Desde el punto de vista de la historia teatral, en el siglo XVI se producen cambios fundamentales para la evolución del teatro posterior. La consolidación de los centros urbanos, al igual que propició la aparición de géneros literarios nuevos (como el de la novela picaresca), amplió y afianzó un nuevo público teatral, ávido de entretenimiento, y potencialmente dispuesto a conseguirlo pagando el precio de una entrada. Al lugar que habían ocupado, y que seguirían ocupando, la nobleza o la Iglesia, como potenciales mecenas del dramaturgo, vendría a incorporarse ahora un público urbano, de extracción social heterogénea, pero con una amplia base procedente de las capas medias y populares, que iba a condicionar la aparición de las primeras compañías de actores profesionales y estaba llamado a convertirse, especialmente a partir de la aparición de los primeros teatros comerciales, en una especie de nuevo mecenas de un tipo de dramaturgo también más profesional. Probablemente ninguna otra actividad relacionada con la literatura creativa iba a ofrecer a partir de entonces al escritor la posibilidad de que su trabajo se convirtiese en un modo de vida que podía llegar a ofrecerle dividendos de manera más o menos regular. Es obvio que no todos iban a tener la capacidad de un Lope de Vega, pero a caballo entre la satisfacción de la demanda de las compañías para aplacar el interés de un público cada vez más amplio, la satisfacción de la demanda cortesana y de la ocasional demanda municipal o eclesiástica, unos pocos pudieron llegar a hacer de la escritura, y muchos otros de la representación, un medio de vida.
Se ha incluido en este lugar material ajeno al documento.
definition borel_esv :: "'x::topological_space measure \<Rightarrow> 'x set \<Rightarrow> ('x \<Rightarrow> 'y::metric_space) \<Rightarrow> bool" where
  "borel_esv m \<Omega> v \<longleftrightarrow> v \<in> borel_measurable (restrict_space borel \<Omega>) \<and> ess_sep_valued m \<Omega> v"

definition L2_map :: "'x::topological_space measure \<Rightarrow> 'x set \<Rightarrow> 'y::metric_space \<Rightarrow> ('x \<Rightarrow> 'y) \<Rightarrow> bool" where
  "L2_map m \<Omega> ybar u \<longleftrightarrow> borel_esv m \<Omega> u \<and>
     (\<integral>\<^sup>+ x. ennreal ((dist (u x) ybar)\<^sup>2) \<partial>(restrict_space m \<Omega>)) < \<infinity>"

definition dL2sq :: "'x measure \<Rightarrow> 'x set \<Rightarrow> ('x \<Rightarrow> 'y::metric_space) \<Rightarrow>
    ('x \<Rightarrow> 'y tvec) \<Rightarrow> ('x \<Rightarrow> 'y tvec) \<Rightarrow> ennreal" where
  "dL2sq m \<Omega> u S1 S2 = (\<integral>\<^sup>+ x. ennreal ((tdist (u x) (S1 x) (S2 x))\<^sup>2) \<partial>(restrict_space m \<Omega>))"

definition L2_section_rep :: "'x::topological_space measure \<Rightarrow> 'x set \<Rightarrow> ('x \<Rightarrow> 'y::metric_space) \<Rightarrow>
    ('x \<Rightarrow> 'y tvec) \<Rightarrow> bool" where
  "L2_section_rep m \<Omega> u S \<longleftrightarrow>
     (\<forall>x\<in>\<Omega>. S x \<in> tcone (u x)) \<and>
     (\<forall>\<alpha>\<ge>0. \<forall>v. borel_esv m \<Omega> v \<longrightarrow>
        (\<lambda>x. tdist (u x) (S x) (tdir \<alpha> (u x) (v x))) \<in> borel_measurable (restrict_space borel \<Omega>)) \<and>
     (\<exists>(\<alpha> :: nat \<Rightarrow> real) (vs :: nat \<Rightarrow> 'x \<Rightarrow> 'y).
        (\<forall>n. \<alpha> n \<ge> 0 \<and> borel_esv m \<Omega> (vs n)) \<and>
        (SUP n. dL2sq m \<Omega> u (\<lambda>x. tdir (\<alpha> n) (u x) (vs n x)) (\<lambda>x. tzero (u x))) < \<infinity> \<and>
        (\<forall>x\<in>\<Omega>. (\<lambda>n. tdist (u x) (tdir (\<alpha> n) (u x) (vs n x)) (S x)) \<longlonglongrightarrow> 0))"

definition ae_eq_section :: "'x measure \<Rightarrow> 'x set \<Rightarrow> ('x \<Rightarrow> 'y::metric_space) \<Rightarrow>
    ('x \<Rightarrow> 'y tvec) \<Rightarrow> ('x \<Rightarrow> 'y tvec) \<Rightarrow> bool" where
  "ae_eq_section m \<Omega> u S T \<longleftrightarrow> (AE x in restrict_space m \<Omega>. tdist (u x) (S x) (T x) = 0)"

end

theory Submission
  imports Defs
begin

text \<open>In a CAT(0) space the comparison angle between two geodesics issuing from \<open>y\<close> is
  monotone, so for geodesic germs \<open>\<gamma>\<close>, \<open>\<eta>\<close> of speeds \<open>a\<close>, \<open>b\<close> the quotient
  \<open>d(\<gamma>\<^sub>t, \<eta>\<^sub>\<alpha>\<^sub>t) / t\<close> converges to \<open>sqrt (a\<^sup>2 + \<alpha>\<^sup>2 b\<^sup>2 - 2 \<alpha> L)\<close>.
  This cosine law expresses \<open>d\<^sub>y(v, \<alpha> (G\<^sub>y\<^sup>z)'\<^sub>0)\<close> through \<open>|v|\<close>, \<open>\<alpha>\<close>, \<open>d(y, z)\<close> and
  \<open>\<langle>v, (G\<^sub>y\<^sup>z)'\<^sub>0\<rangle>\<close>. Hence, for a section \<open>T\<close>, measurability of
  \<open>x \<mapsto> \<langle>T\<^sub>x, (G\<^bsub>u(x)\<^esub>\<^sup>z)'\<^sub>0\<rangle>\<close> for constant \<open>z\<close> (i.e. \<open>T\<close> is a Borel section)
  already gives condition (a): constants pass to Borel maps \<open>v\<close> by Lipschitz dependence on \<open>z\<close> and
  a countable dense set, and \<open>|T|\<^sup>2\<close> is a countable supremum. Conversely (a) recovers the inner
  products from distances. Since the directions \<open>n (G\<^sub>y\<^sup>z)'\<^sub>0\<close>, \<open>z\<close> in a dense sequence, are dense
  in \<open>T\<^sub>yY\<close> for all large \<open>n\<close>, a measurable choice of nearly optimal directions yields the
  approximations of (b), with norms at most \<open>3 |T|\<close>; in the other direction Fatou's lemma bounds
  \<open>\<integral> |T|\<^sup>2\<close>. Separability of \<open>Y\<close> makes every Borel map essentially separably valued.\<close>

section \<open>Geodesics in CAT(0) spaces\<close>

lemma cat0_geodesic_exists:
  assumes "cat0 TYPE('y::metric_space)"
  obtains \<gamma> where "cs_geodesic \<gamma>" "\<gamma> 0 = (y::'y)" "\<gamma> 1 = z"
  using assms unfolding cat0_def by blast

lemma cat0_comparison:
  assumes "cat0 TYPE('y::metric_space)" "cs_geodesic (\<gamma>::real \<Rightarrow> 'y)" "t \<in> {0..1}"
  shows "(dist (\<gamma> t) a)\<^sup>2 \<le> (1 - t) * (dist (\<gamma> 0) a)\<^sup>2 + t * (dist (\<gamma> 1) a)\<^sup>2
                              - t * (1 - t) * (dist (\<gamma> 0) (\<gamma> 1))\<^sup>2"
  using assms unfolding cat0_def by blast

lemma cs_geodesic_dist:
  assumes "cs_geodesic \<gamma>" "s \<in> {0..1}" "t \<in> {0..1}"
  shows "dist (\<gamma> s) (\<gamma> t) = \<bar>s - t\<bar> * dist (\<gamma> 0) (\<gamma> 1)"
  using assms unfolding cs_geodesic_def by blast

lemma cs_geodesic_unique:
  assumes c: "cat0 TYPE('y::metric_space)" and g: "cs_geodesic (\<gamma>::real \<Rightarrow> 'y)"
    and h: "cs_geodesic \<eta>" and e0: "\<gamma> 0 = \<eta> 0" and e1: "\<gamma> 1 = \<eta> 1" and t: "t \<in> {0..1}"
  shows "\<gamma> t = \<eta> t"
proof -
  define D where "D = dist (\<eta> 0) (\<eta> 1)"
  have d1: "dist (\<gamma> 0) (\<eta> t) = t * D"
    using cs_geodesic_dist[OF h, of 0 t] t e0 unfolding D_def by auto
  have d2: "dist (\<gamma> 1) (\<eta> t) = (1 - t) * D"
    using cs_geodesic_dist[OF h, of 1 t] t e1 unfolding D_def by auto
  have d3: "dist (\<gamma> 0) (\<gamma> 1) = D" using e0 e1 D_def by simp
  have "(dist (\<gamma> t) (\<eta> t))\<^sup>2 \<le> (1 - t) * (t * D)\<^sup>2 + t * ((1 - t) * D)\<^sup>2 - t * (1 - t) * D\<^sup>2"
    using cat0_comparison[OF c g t, of "\<eta> t"] d1 d2 d3 by simp
  also have "\<dots> = 0" by (simp add: algebra_simps power2_eq_square)
  finally show ?thesis by simp
qed

lemma geod_spec:
  assumes c: "cat0 TYPE('y::metric_space)"
  shows "cs_geodesic (geod y z)" and "geod y z 0 = (y::'y)" and "geod y z 1 = z"
    and "\<forall>t<0. geod y z t = y" and "\<forall>t>1. geod y z t = z"
proof -
  let ?P = "\<lambda>\<gamma>. cs_geodesic \<gamma> \<and> \<gamma> 0 = y \<and> \<gamma> 1 = z \<and> (\<forall>t<0. \<gamma> t = y) \<and> (\<forall>t>1. \<gamma> t = z)"
  obtain \<gamma> where g: "cs_geodesic \<gamma>" "\<gamma> 0 = y" "\<gamma> 1 = z" using cat0_geodesic_exists[OF c] .
  define \<delta> where "\<delta> = (\<lambda>t. \<gamma> (max 0 (min 1 t)))"
  have \<delta>\<gamma>: "\<delta> t = \<gamma> t" if "t \<in> {0..1}" for t using that unfolding \<delta>_def by simp
  have "cs_geodesic \<delta>"
    unfolding cs_geodesic_def
  proof (intro ballI)
    fix s t :: real assume "s \<in> {0..1}" "t \<in> {0..1}"
    then show "dist (\<delta> s) (\<delta> t) = \<bar>s - t\<bar> * dist (\<delta> 0) (\<delta> 1)"
      using \<delta>\<gamma>[of s] \<delta>\<gamma>[of t] \<delta>\<gamma>[of 0] \<delta>\<gamma>[of 1] cs_geodesic_dist[OF g(1), of s t] by simp
  qed
  then have P: "?P \<delta>" using g(2,3) unfolding \<delta>_def by simp
  have "\<xi> = \<delta>" if "?P \<xi>" for \<xi>
  proof
    fix t :: real
    consider "t < 0" | "t > 1" | "t \<in> {0..1}" by force
    then show "\<xi> t = \<delta> t"
      using that P cs_geodesic_unique[OF c, of \<xi> \<delta> t] by cases auto
  qed
  then have "geod y z = \<delta>" unfolding geod_def using P by (rule the_equality[where P = ?P, rotated])
  then show "cs_geodesic (geod y z)" "geod y z 0 = y" "geod y z 1 = z"
    "\<forall>t<0. geod y z t = y" "\<forall>t>1. geod y z t = z"
    using P by simp_all
qed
Si el límite cronológico que viene marcado por el fin y comienzo de un siglo casi nunca da respuesta satisfactoria a los periodos que tienen que ver con movimientos culturales o literarios, en el ámbito del teatro del siglo XVI esta regla se cumple de manera ilustrativa porque, dependiendo del aspecto que deseemos destacar, nos enfrentaremos a una u otra fecha. Así, por ejemplo, si decidimos destacar como aspecto relevante el surgimiento de la profesión de actor, daremos relieve a la década de 1540, y si decidimos destacar la apertura de los primeros teatros comerciales, nos tendremos que retrotraer a los años 1565-1570. De manera que los dos principales fenómenos que contribuirían de manera fundamental a la consolidación del teatro -el surgimiento de las primeras compañías profesionales y la aparición de los primeros teatros comerciales- no se producen de manera simultánea. Existen compañías y actores profesionales antes de que existan edificios comerciales estables, específicamente pensados para albergar representaciones, como existe también teatro antes de que existan actores profesionales.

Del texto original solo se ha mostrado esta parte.